A Surging National Debt Is Bullish for Gold

The comments below are an edited and abridged synopsis of an article by Michael Maharrey

America’s debt ceiling drama ended with fake budget cuts and a credit card with no limit for the government. Americans can expect a surge in the national debt as the US government plays catch up after nearly six months up against its borrowing limit.

A Surging National Debt Is Bullish for Gold - BullionBuzz -Nick's Top Six

How might this affect the gold price? If history is any indication, it will likely drive it higher.

The first business day after the deal went into effect, the US Treasury increased the national debt by over $350 billion. By June 8, it had increased by just over $454 billion to $31.9 trillion.

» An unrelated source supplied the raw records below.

lemma xlogx_ge_tangent:
  assumes a: "0 \<le> a" and t: "0 < t"
  shows "a * log 2 t + (a - t) / ln 2 \<le> xlogx a"
proof (cases "a = 0")
  case True
  then show ?thesis using t by simp
next
  case False
  with a have a0: "0 < a" by simp
  have "1 - t / a \<le> ln (a / t)"
    using ln_le_minus_one[of "t / a"] a0 t by (simp add: ln_div)
  then have "a - t \<le> a * (ln a - ln t)"
    using mult_left_mono[OF _ a] a0 t by (fastforce simp: ln_div right_diff_distrib)
  then have "(a - t) / ln 2 \<le> a * (ln a - ln t) / ln 2"
    by (simp add: divide_right_mono)
  then show ?thesis
    by (simp add: xlogx_def log_def diff_divide_distrib right_diff_distrib)
qed

lemma xlogx_convex_sum:
  assumes K: "finite K" and l: "\<And>k. k \<in> K \<Longrightarrow> 0 \<le> l k" and a: "\<And>k. k \<in> K \<Longrightarrow> 0 \<le> a k"
    and l1: "sum l K = 1"
  shows "xlogx (\<Sum>k\<in>K. l k * a k) \<le> (\<Sum>k\<in>K. l k * xlogx (a k))"
proof -
  define t where "t = (\<Sum>k\<in>K. l k * a k)"
  have "0 \<le> t"
    unfolding t_def by (intro sum_nonneg mult_nonneg_nonneg l a)
  show ?thesis
  proof (cases "t = 0")
    case True
    have "\<forall>k\<in>K. l k * a k = 0"
      using True sum_nonneg_eq_0_iff[OF K, of "\<lambda>k. l k * a k"] l a
      unfolding t_def by (simp add: mult_nonneg_nonneg)
    then have "(\<Sum>k\<in>K. l k * xlogx (a k)) = 0"
      by (intro sum.neutral) (auto simp: xlogx_def)
    with True show ?thesis by (simp add: t_def[symmetric])
  next
    case False
    with \<open>0 \<le> t\<close> have "0 < t" by simp
    \<comment> \<open>average the tangent lines of \<open>xlogx\<close> at \<open>t\<close>\<close>
    have "xlogx t = t * (log 2 t + 1 / ln 2) - (\<Sum>k\<in>K. l k) * (t / ln 2)"
      using l1 by (simp add: xlogx_def algebra_simps)
    also have "\<dots> = (\<Sum>k\<in>K. l k * a k * (log 2 t + 1 / ln 2) - l k * (t / ln 2))"
      by (simp only: t_def sum_subtractf sum_distrib_right)
    also have "\<dots> = (\<Sum>k\<in>K. l k * (a k * log 2 t + (a k - t) / ln 2))"
      by (intro sum.cong refl) (simp add: algebra_simps diff_divide_distrib)
    also have "\<dots> \<le> (\<Sum>k\<in>K. l k * xlogx (a k))"
      by (intro sum_mono mult_left_mono xlogx_ge_tangent a \<open>0 < t\<close> l)
    finally show ?thesis by (simp only: t_def)
  qed
qed

lemma continuous_on_xlogx: "continuous_on {0..1} xlogx"
proof (rule continuous_on_IccI)
  have cont: "isCont xlogx x" if "0 < x" for x
    unfolding xlogx_def using that by (auto intro!: continuous_intros)
  show "(xlogx \<longlongrightarrow> xlogx 0) (at_right 0)"
    unfolding xlogx_def by simp real_asymp
  show "(xlogx \<longlongrightarrow> xlogx 1) (at_left 1)"
    using cont[of 1] by (simp add: isCont_def tendsto_mono[OF at_within_le_at])
  show "xlogx \<midarrow>x\<rightarrow> xlogx x" if "0 < x" "x < 1" for x
    using cont[of x] that by (simp add: isCont_def)
qed simp

section \<open>Mutual information of mixtures\<close>

lemma mi_mixture:
  fixes K :: "'a \<Rightarrow> 'b::finite \<Rightarrow> real"
  assumes A: "finite A" and p: "\<And>a. a \<in> A \<Longrightarrow> 0 \<le> p a"
    and K: "\<And>a b. a \<in> A \<Longrightarrow> 0 \<le> K a b" and K1: "\<And>a. a \<in> A \<Longrightarrow> (\<Sum>b\<in>UNIV. K a b) = 1"
  shows "mi A UNIV (\<lambda>a b. p a * K a b)
       = (\<Sum>a\<in>A. p a * neg_entropy (K a)) - neg_entropy (\<lambda>b. \<Sum>a\<in>A. p a * K a b)"
proof -
  define M where "M b = (\<Sum>a\<in>A. p a * K a b)" for b
  have "(if p a * K a b = 0 then 0 else
          p a * K a b * log 2 (p a * K a b / ((\<Sum>b'\<in>UNIV. p a * K a b') * M b)))
      = p a * xlogx (K a b) - p a * K a b * log 2 (M b)" if a: "a \<in> A" for a b
  proof (cases "p a * K a b = 0")
    case True
    then show ?thesis by (auto simp: xlogx_def)
  next
    case False
    with p[OF a] K[OF a] have pos: "0 < p a" "0 < K a b"
      by (auto simp: less_le)
    have "p a * K a b \<le> M b"
      unfolding M_def by (rule member_le_sum) (use A a p K in \<open>auto intro: mult_nonneg_nonneg\<close>)
    with pos have "0 < M b" by (smt (verit) mult_pos_pos)
    with pos show ?thesis
      by (simp add: sum_distrib_left[symmetric] K1[OF a] log_divide xlogx_def algebra_simps)
  qed
  then have "mi A UNIV (\<lambda>a b. p a * K a b)
      = (\<Sum>a\<in>A. \<Sum>b\<in>UNIV. p a * xlogx (K a b) - p a * K a b * log 2 (M b))"
    unfolding mi_def M_def by (intro sum.cong refl) simp
  also have "\<dots> = (\<Sum>a\<in>A. p a * neg_entropy (K a)) - (\<Sum>b\<in>UNIV. M b * log 2 (M b))"
    by (simp add: sum_subtractf neg_entropy_def sum_distrib_left M_def sum_distrib_right
        sum.swap[of _ A])
  finally show ?thesis
    by (simp add: neg_entropy_def xlogx_def M_def)
qed

lemma mi_mixture_nonneg:
  fixes K :: "'a \<Rightarrow> 'b::finite \<Rightarrow> real"
  assumes A: "finite A" and p: "\<And>a. a \<in> A \<Longrightarrow> 0 \<le> p a" and p1: "sum p A = 1"
    and K: "\<And>a b. a \<in> A \<Longrightarrow> 0 \<le> K a b" and K1: "\<And>a. a \<in> A \<Longrightarrow> (\<Sum>b\<in>UNIV. K a b) = 1"
  shows "0 \<le> mi A UNIV (\<lambda>a b. p a * K a b)"
proof -
  have "neg_entropy (\<lambda>b. \<Sum>a\<in>A. p a * K a b) \<le> (\<Sum>b\<in>UNIV. \<Sum>a\<in>A. p a * xlogx (K a b))"
    unfolding neg_entropy_def by (intro sum_mono xlogx_convex_sum A p K p1)
  also have "\<dots> = (\<Sum>a\<in>A. p a * neg_entropy (K a))"
    by (simp add: neg_entropy_def sum_distrib_left sum.swap[of _ UNIV])
  finally show ?thesis
    by (simp add: mi_mixture[OF A p K K1])
qed

lemma cmi_eq_sum_mi:
  assumes C: "finite C" and A: "finite A" and B: "finite B"
    and J: "\<And>c a b. c \<in> C \<Longrightarrow> a \<in> A \<Longrightarrow> b \<in> B \<Longrightarrow> 0 \<le> J c a b"
  shows "cmi C A B J = (\<Sum>c\<in>C. mi A B (J c) + xlogx (\<Sum>a\<in>A. \<Sum>b\<in>B. J c a b))"
proof -
  define T where "T c = (\<Sum>a\<in>A. \<Sum>b\<in>B. J c a b)" for c
  define D where "D c a b = (\<Sum>b'\<in>B. J c a b') * (\<Sum>a'\<in>A. J c a' b)" for c a b
  have "(if J c a b = 0 then 0 else J c a b * log 2 (J c a b * T c / D c a b))
      = (if J c a b = 0 then 0 else J c a b * log 2 (J c a b / D c a b)) + J c a b * log 2 (T c)"
    if abc: "c \<in> C" "a \<in> A" "b \<in> B" for c a b
  proof (cases "J c a b = 0")
    case False
    with J[OF abc] have pos: "0 < J c a b" by simp
    have "J c a b \<le> (\<Sum>b'\<in>B. J c a b')"
      by (rule member_le_sum) (use B abc J in auto)
    moreover have "J c a b \<le> (\<Sum>a'\<in>A. J c a' b)"
      by (rule member_le_sum[of a A "\<lambda>a'. J c a' b"]) (use A abc J in auto)
    moreover have "(\<Sum>b'\<in>B. J c a b') \<le> T c"
      unfolding T_def by (rule member_le_sum[of a A "\<lambda>a'. \<Sum>b'\<in>B. J c a' b'"])
        (use A B abc J in \<open>auto intro: sum_nonneg\<close>)
    ultimately have "0 < D c a b" "0 < T c"
      using pos unfolding D_def by auto
    with pos have "log 2 (J c a b * T c / D c a b) = log 2 (J c a b / D c a b) + log 2 (T c)"
      using log_mult[of 2 "J c a b / D c a b" "T c"] by (simp add: mult.commute)
    with False show ?thesis by (simp add: distrib_left)
  qed simp
  then have "cmi C A B J = (\<Sum>c\<in>C. \<Sum>a\<in>A. \<Sum>b\<in>B.
      (if J c a b = 0 then 0 else J c a b * log 2 (J c a b / D c a b)) + J c a b * log 2 (T c))"
    unfolding cmi_def T_def D_def by (intro sum.cong refl) simp
  also have "\<dots> = (\<Sum>c\<in>C. mi A B (J c) + xlogx (T c))"
    unfolding D_def by (simp add: sum.distrib mi_def xlogx_def T_def sum_distrib_right)
  finally show ?thesis by (simp add: T_def)
qed

section \<open>Mutual information through a channel\<close>

lemma channel_nonneg: "channel n W \<Longrightarrow> x < n \<Longrightarrow> 0 \<le> W x y"
  by (auto simp: channel_def is_dist_def)

lemma channel_sum: "channel n W \<Longrightarrow> x < n \<Longrightarrow> (\<Sum>y\<in>UNIV. W x y) = 1"
  by (auto simp: channel_def is_dist_def)

lemma kernel_nonneg: "kernel b n q \<Longrightarrow> v < b \<Longrightarrow> x < n \<Longrightarrow> 0 \<le> q v x"
  by (auto simp: kernel_def is_dist_def)

lemma kernel_sum: "kernel b n q \<Longrightarrow> v < b \<Longrightarrow> (\<Sum>x<n. q v x) = 1"
  by (auto simp: kernel_def is_dist_def atLeast0LessThan)

lemma channel_output_nonneg:
  "channel n W \<Longrightarrow> (\<And>x. x < n \<Longrightarrow> 0 \<le> P x) \<Longrightarrow> 0 \<le> channel_output n W P y"
  unfolding channel_output_def by (intro sum_nonneg mult_nonneg_nonneg) (auto simp: channel_nonneg)

lemma channel_output_sum: "channel n W \<Longrightarrow> (\<Sum>y\<in>UNIV. channel_output n W P y) = (\<Sum>x<n. P x)"
  unfolding channel_output_def
  by (subst sum.swap) (simp add: sum_distrib_left[symmetric] channel_sum)

lemma channel_output_scale: "channel_output n W (\<lambda>x. c * P x) y = c * channel_output n W P y"
  by (simp add: channel_output_def sum_distrib_left mult.assoc)

lemma channel_output_mixture:
  "channel_output n W (mixture b p q) y = (\<Sum>v<b. p v * channel_output n W (q v) y)"
  unfolding channel_output_def mixture_def
  by (simp add: sum_distrib_left sum_distrib_right mult.assoc sum.swap[of _ "{..<b}"])

lemma channel_output_le_1:
  assumes W: "channel n W" and P: "\<And>x. x < n \<Longrightarrow> 0 \<le> P x" and P1: "(\<Sum>x<n. P x) = 1"
  shows "channel_output n W P y \<le> 1"
proof -
  have "channel_output n W P y \<le> (\<Sum>y\<in>UNIV. channel_output n W P y)"
    by (rule member_le_sum) (auto intro: channel_output_nonneg[OF W P])
  with P1 show ?thesis by (simp add: channel_output_sum[OF W])
qed

lemma Iin_eq:
  assumes W: "channel n W" and P: "\<And>x. x < n \<Longrightarrow> 0 \<le> P x"
  shows "Iin n W P = (\<Sum>x<n. P x * neg_entropy (W x)) - neg_entropy (channel_output n W P)"
  unfolding Iin_def channel_output_def atLeast0LessThan
  by (rule mi_mixture) (auto intro: P channel_nonneg[OF W] channel_sum[OF W])

lemma Iin_cong: "(\<And>x. x < n \<Longrightarrow> P x = P' x) \<Longrightarrow> Iin n W P = Iin n W P'"
  unfolding Iin_def mi_def by (intro sum.cong refl) auto

lemma neg_entropy_scale:
  assumes "0 \<le> c" and "\<And>y. 0 \<le> R y"
  shows "neg_entropy (\<lambda>y. c * R y) = c * neg_entropy R + (\<Sum>y\<in>UNIV. R y) * xlogx c"
  unfolding neg_entropy_def using assms
  by (simp add: xlogx_mult sum.distrib sum_distrib_left sum_distrib_right)

lemma Iin_scale:
  assumes W: "channel n W" and P: "\<And>x. x < n \<Longrightarrow> 0 \<le> P x" and c: "0 \<le> c"
  shows "Iin n W (\<lambda>x. c * P x) = c * Iin n W P - (\<Sum>x<n. P x) * xlogx c"
proof -
  have "Iin n W (\<lambda>x. c * P x)
      = (\<Sum>x<n. c * P x * neg_entropy (W x)) - neg_entropy (\<lambda>y. c * channel_output n W P y)"
    unfolding channel_output_scale[symmetric] by (rule Iin_eq[OF W]) (simp add: P c)
  also have "\<dots> = c * Iin n W P - (\<Sum>x<n. P x) * xlogx c"
    by (simp add: Iin_eq[OF W P] neg_entropy_scale[OF c] channel_output_nonneg[OF W P]
        channel_output_sum[OF W] sum_distrib_left mult.assoc right_diff_distrib)
  finally show ?thesis .
qed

More increases lie ahead. In fact, it will be no surprise if the national debt eclipses $32 trillion this week. Not only does the Treasury have to borrow to replenish its checking account, but it will also have to borrow to cover the budget deficits the Biden administration runs.

Spending is set to go up during the next two years. The US government is blowing through nearly half a trillion dollars monthly and the deficit for fiscal 2023 was already close to $1 trillion with five months to go. The spending, and its accompanying deficit, won’t end in the foreseeable future.

Typically, big spikes in the national debt correspond with a rising gold price. Gold has generally trended upward along with the national debt. There are other factors that affect gold, but the general trend is worth noting. This correlation makes sense for a couple of reasons.

First, a rising national debt creates economic uncertainty that drives safe haven buying. Most people recognize that the national debt trajectory is unsustainable. The longer the debt climbs and politicians kick the can down the road, the shorter the road gets.

Second, more national debt ultimately means more inflation. At some point, this unlimited borrowing will force the Fed to monetize some of the debt. That will require a return to quantitative easing. There is no other way for the market to absorb all the debt the Treasury will have to issue to support spending that will mostly go on a credit card with no limits.

To prop up the bond market and keep prices high and interest rates low, the Fed will ultimately have to buy bonds to boost demand. It will buy those bonds with money created out of thin air.

With this in mind, it makes sense that people would turn to gold as an inflation hedge.